Pamelor (Nortriptyline) – Oral

Warning:

There may be an increase in suicidal thoughts or actions in some young people (children, adolescents, and young adults) when they first start taking Pamelor (nortriptyline). Stay alert to changes in your mood, behavior, or symptoms. Report any new or worsening symptoms to your healthcare provider. Your family should also watch for these changes.

What Is Pamelor?

Pamelor (nortriptyline) is a prescription medicine used to treat symptoms of depression. It is in a class of drugs called tricyclic antidepressants.

The exact way Pamelor works is not known. It may work by blocking the reuptake of substances in the body called norepinephrine and serotonin, allowing more of these substances to circulate. It also blocks acetylcholine and histamine receptors. 

It is available in 10 milligram (mg), 25 mg, 50 mg, and 75 mg capsules. It is also available as a liquid solution (generic only).

Drug Facts

Generic Name: Nortriptyline

Brand Name(s): Pamelor

Drug Availability: Prescription

Administration Route: Oral

Therapeutic Classification: Antidepressant

Available Generically: Yes

Controlled Substance: N/A

Active Ingredient: Nortriptyline

Dosage Form(s): Capsule, solution (in generic only)

What Is Pamelor Used For?

The Food and Drug Administration (FDA) approved Pamelor to relieve symptoms of depression in adults.

Clinical depression, also sometimes called major depressive disorder (MDD), often causes symptoms that disrupt a person's ability to function daily. Although people with depression often feel sad, the condition goes beyond everyday sadness and can include other symptoms such as:

  • Anxious or depressed mood
  • Loss of interest in hobbies or activities
  • Changes in appetite or weight
  • Insomnia (inability to sleep) or hypersomnia (sleeping too much)
  • Fatigue
  • Difficulty concentrating, remembering, or making decisions
  • Suicidal thoughts or behaviors

If left untreated, depression can significantly affect a person's mental and physical well-being. Treatment often consists of a combination of antidepressants and psychotherapy.

Pamelor is a tricyclic antidepressant, an older class of depression medications known as first-generation antidepressants. Tricyclic antidepressants are not prescribed as often as newer antidrepressants like selective serotonin reuptake inhibitors (SSRIs).

How to Take Pamelor

Use this medicine exactly as directed by your healthcare provider. It is usually taken one to four times a day.

Follow all directions on your prescription label and read all medication guides. Your healthcare provider may occasionally change your dose. Measure the liquid formulation with the supplied syringe or a dose-measuring device. Do not use a kitchen spoon.

You may have withdrawal symptoms if you stop taking nortriptyline suddenly. This is known as antidepressant discontinuation syndrome. Symptoms can begin within two to four days after stopping the drug and may continue for one to two weeks.

Symptoms can be vague, but often include:

  • Flu-like symptoms, such as tiredness, fatigue, headache, muscle aches, and sweating
  • Nausea and sometimes vomiting
  • Insomnia (trouble sleeping) or vivid dreams and nightmares
  • Balance issues, with dizziness, vertigo, and light-headedness
  • Sensory disturbances, such as burning, tingling, or "shock-like" sensations
  • Hyperarousal, which can manifest as anxiety, irritability, agitation, aggressive behavior, or mania

Talk to your healthcare provider before stopping this medicine.

You should not take this medication within two weeks of taking another class of drugs called monoamine oxidase inhibitors (MAOIs). MAOIs are potent antidepressants that regulate mood by breaking down serotonin, dopamine, and norepinephrine in the brain.

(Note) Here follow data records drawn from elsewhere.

lemma psd_dagger_carrier: "A \<in> psd_carrier \<Longrightarrow> psd_dagger A \<in> psd_carrier"
  by (auto simp: psd_carrier_iff_support_bounded intro: support_bounded_psd_dagger)

lemma psd_mult_carrier:
  assumes "A \<in> psd_carrier" "B \<in> psd_carrier"
  shows "psd_mult A B \<in> psd_carrier"
proof -
  obtain U where "support_bounded U A" "support_bounded U B"
    using assms by (rule psd_carrier_common_bound)
  then show ?thesis
    unfolding psd_carrier_iff_support_bounded by (blast intro: support_bounded_psd_mult)
qed

lemma psd_add_carrier:
  assumes "A \<in> psd_carrier" "B \<in> psd_carrier"
  shows "psd_add A B \<in> psd_carrier"
proof -
  obtain U where "support_bounded U A" "support_bounded U B"
    using assms by (rule psd_carrier_common_bound)
  then have "support_bounded U (psd_add A B)"
    unfolding support_bounded_def psd_add_def by (metis add.left_neutral add.right_neutral)
  then show ?thesis
    unfolding psd_carrier_iff_support_bounded by blast
qed

lemma psd_smult_carrier:
  assumes "A \<in> psd_carrier"
  shows "psd_smult c A \<in> psd_carrier"
proof -
  obtain U where "support_bounded U A"
    using assms unfolding psd_carrier_iff_support_bounded by blast
  then have "support_bounded U (psd_smult c A)"
    unfolding support_bounded_def psd_smult_def by auto
  then show ?thesis
    unfolding psd_carrier_iff_support_bounded by blast
qed

lemma psd_one_carrier: "psd_one \<in> psd_carrier"
proof -
  have "support_bounded 0 psd_one"
    unfolding support_bounded_def psd_one_def by simp
  then show ?thesis
    unfolding psd_carrier_iff_support_bounded by blast
qed

section \<open>Kernel representation of the operations\<close>

lemma psd_dagger_eq_Sum_any:
  assumes "A \<in> psd_carrier"
  shows "psd_dagger A k m = Sum_any (\<lambda>(a, b). A a b * dagger_kernel k m a b)"
proof -
  have supp: "(a, b) \<in> (\<lambda>j. (k + int j, m + int j)) ` {j. A (k + int j) (m + int j) \<noteq> 0}"
    if "A a b * dagger_kernel k m a b \<noteq> 0" for a b
  proof -
    from that have "A a b \<noteq> 0" "b = m + (a - k)" "k \<le> a"
      by (auto simp: dagger_kernel_def split: if_splits)
    then show ?thesis
      by (intro rev_image_eqI[of "nat (a - k)"]) auto
  qed
  show ?thesis
    unfolding psd_dagger_def
    by (rule sym, rule Sum_any_eq_sum_reindex[where \<phi> = "\<lambda>j. (k + int j, m + int j)"])
      (auto simp: finite_diagonal_support[OF assms] inj_on_def dagger_kernel_def intro: supp)
qed

lemma finite_dagger_kernel_support:
  assumes "A \<in> psd_carrier"
  shows "finite {(a, b). A a b * dagger_kernel k m a b \<noteq> 0}"
proof -
  obtain U where U: "support_bounded U A"
    using assms unfolding psd_carrier_iff_support_bounded by blast
  have "{(a, b). A a b * dagger_kernel k m a b \<noteq> 0} \<subseteq> {k..U} \<times> {m..U}"
    by (auto simp: dagger_kernel_def split: if_splits dest: support_boundedD[OF U])
  then show ?thesis
    by (rule finite_subset) simp
qed

lemma psd_mult_eq_Sum_any:
  assumes "A \<in> psd_carrier" "B \<in> psd_carrier"
  shows "psd_mult A B k m = Sum_any (\<lambda>((a, b), (c, d)). A a b * B c d * mult_kernel k m a b c d)"
proof -
  obtain U where U: "support_bounded U A" "support_bounded U B"
    using assms by (rule psd_carrier_common_bound)
  let ?M = "{(a, b, c, d, j). A a b \<noteq> 0 \<and> B c d \<noteq> 0 \<and> a + c - int j = k \<and> b + d - int j = m}"
  let ?\<phi> = "\<lambda>(a, b, c, d, j::nat). ((a, b), (c, d))"
  let ?g = "\<lambda>((a, b), (c, d)). A a b * B c d * mult_kernel k m a b c d"
  have "?M \<subseteq> {k - U..U} \<times> {m - U..U} \<times> {k - U..U} \<times> {m - U..U} \<times> {..nat (2 * U - k)}"
    using U by (force simp: support_bounded_def)
  then have fin: "finite ?M"
    by (rule finite_subset) simp
  have inj: "inj_on ?\<phi> ?M"
    by (auto simp: inj_on_def)
  have supp: "{x. ?g x \<noteq> 0} \<subseteq> ?\<phi> ` ?M"
  proof clarify
    fix a b c d assume "A a b * B c d * mult_kernel k m a b c d \<noteq> 0"
    then have "A a b \<noteq> 0" "B c d \<noteq> 0" "a + c - k = b + d - m" "k \<le> a + c"
      by (auto simp: mult_kernel_def split: if_splits)
    then show "((a, b), (c, d)) \<in> ?\<phi> ` ?M"
      by (intro rev_image_eqI[of "(a, b, c, d, nat (a + c - k))"]) auto
  qed
  show ?thesis
    unfolding psd_mult_def
    by (rule sym, rule Sum_any_eq_sum_reindex[OF fin inj supp]) (auto simp: mult_kernel_def)
qed

lemma psd_dagger_psd_dagger_eq_Sum_any:
  assumes "A \<in> psd_carrier"
  shows "psd_dagger (psd_dagger A) k m
    = Sum_any (\<lambda>(a, b). A a b
        * Sum_any (\<lambda>(a', b'). dagger_kernel a' b' a b * dagger_kernel k m a' b'))"
proof -
  obtain U where U: "support_bounded U A"
    using assms unfolding psd_carrier_iff_support_bounded by blast
  let ?F = "\<lambda>(a, b). A a b"
  let ?K = "\<lambda>(a', b') (a, b). dagger_kernel a' b' a b"
  let ?L = "\<lambda>(a', b'). dagger_kernel k m a' b'"
  let ?I = "{min k m..U}"
  have "{(x, y). ?F y * ?K x y * ?L x \<noteq> 0} \<subseteq> (?I \<times> ?I) \<times> (?I \<times> ?I)"
    by (auto simp: dagger_kernel_def split: if_splits dest: support_boundedD[OF U])
  then have fin: "finite {(x, y). ?F y * ?K x y * ?L x \<noteq> 0}"
    by (rule finite_subset) simp
  have "psd_dagger (psd_dagger A) k m
      = Sum_any (\<lambda>(a', b'). psd_dagger A a' b' * dagger_kernel k m a' b')"
    by (rule psd_dagger_eq_Sum_any[OF psd_dagger_carrier[OF assms]])
  also have "\<dots> = Sum_any (\<lambda>x. Sum_any (\<lambda>y. ?F y * ?K x y) * ?L x)"
    by (simp add: psd_dagger_eq_Sum_any[OF assms] split_def)
  also have "\<dots> = Sum_any (\<lambda>y. ?F y * Sum_any (\<lambda>x. ?K x y * ?L x))"
    by (rule Sum_any_kernel_compose[OF fin])
  finally show ?thesis
    by (simp add: split_def)
qed

lemma psd_dagger_psd_mult_eq_Sum_any:
  assumes "A \<in> psd_carrier" "B \<in> psd_carrier"
  shows "psd_dagger (psd_mult A B) k m
    = Sum_any (\<lambda>((a, b), (c, d)). A a b * B c d
        * Sum_any (\<lambda>(a', b'). mult_kernel a' b' a b c d * dagger_kernel k m a' b'))"
proof -
  obtain U where U: "0 \<le> U" "support_bounded U A" "support_bounded U B"
    using assms by (rule psd_carrier_common_bound)
  let ?F = "\<lambda>((a, b), (c, d)). A a b * B c d"
  let ?K = "\<lambda>(a', b') ((a, b), (c, d)). mult_kernel a' b' a b c d"
  let ?L = "\<lambda>(a', b'). dagger_kernel k m a' b'"
  let ?I = "{min k m - U..2 * U}"
  have "{(x, y). ?F y * ?K x y * ?L x \<noteq> 0} \<subseteq> (?I \<times> ?I) \<times> ((?I \<times> ?I) \<times> (?I \<times> ?I))"
    using U(1) by (auto simp: dagger_kernel_def mult_kernel_def min_def split: if_splits
        dest!: support_boundedD[OF U(2)] support_boundedD[OF U(3)])
  then have fin: "finite {(x, y). ?F y * ?K x y * ?L x \<noteq> 0}"
    by (rule finite_subset) simp
  have "psd_dagger (psd_mult A B) k m
      = Sum_any (\<lambda>(a', b'). psd_mult A B a' b' * dagger_kernel k m a' b')"
    by (rule psd_dagger_eq_Sum_any[OF psd_mult_carrier[OF assms]])
  also have "\<dots> = Sum_any (\<lambda>x. Sum_any (\<lambda>y. ?F y * ?K x y) * ?L x)"
    by (simp add: psd_mult_eq_Sum_any[OF assms] split_def)
  also have "\<dots> = Sum_any (\<lambda>y. ?F y * Sum_any (\<lambda>x. ?K x y * ?L x))"
    by (rule Sum_any_kernel_compose[OF fin])
  finally show ?thesis
    by (simp add: split_def)
qed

Avoid taking Pamelor and an MAOI within two weeks of each other, as doing so can increase the risk of a potentially life-threatening condition called serotonin syndrome.

Storage

Store Pamelor at room temperature (68–77 degrees Fahrenheit) and away from moisture and heat. Keep the bottle tightly closed when not in use.

Store out of the reach of children and pets. When traveling, transport Pamelor in your carry-on or your checked baggage with its original label attached.

Off-Label Uses

Healthcare providers may prescribe nortriptyline off-label for medical conditions that it is not approved to treat but has proven beneficial for. Do not share it with others.

Nortriptyline has been studied for the following off-label uses:

  • Chronic pain
  • Diabetic neuropathy
  • Postherpetic neuralgia
  • Smoking cessation
  • Migraine prevention
  • Bed-wetting in children
  • Neurogenic cough

How Long Does Pamelor Take to Work?

Pamelor starts working within a few days, but you may have to wait a few weeks to see its full effect.

What Are the Side Effects of Pamelor?

This is not a complete list of side effects and others may occur. A healthcare provider can advise you on side effects. If you experience other effects, contact your healthcare provider. You may report side effects to the FDA at fda.gov/medwatch or 800-FDA-1088.

Common Side Effects

Common side effects of Pamelor include:

Severe Side Effects

Call your healthcare provider immediately if you have serious side effects. Call 911 immediately if you think you or someone else is having a medical emergency.

Stopping nortriptyline suddenly can result in antidepressant discontinuation syndrome, which can be severe. Symptoms can begin within two to four days after stopping the drug and may continue for one to two weeks.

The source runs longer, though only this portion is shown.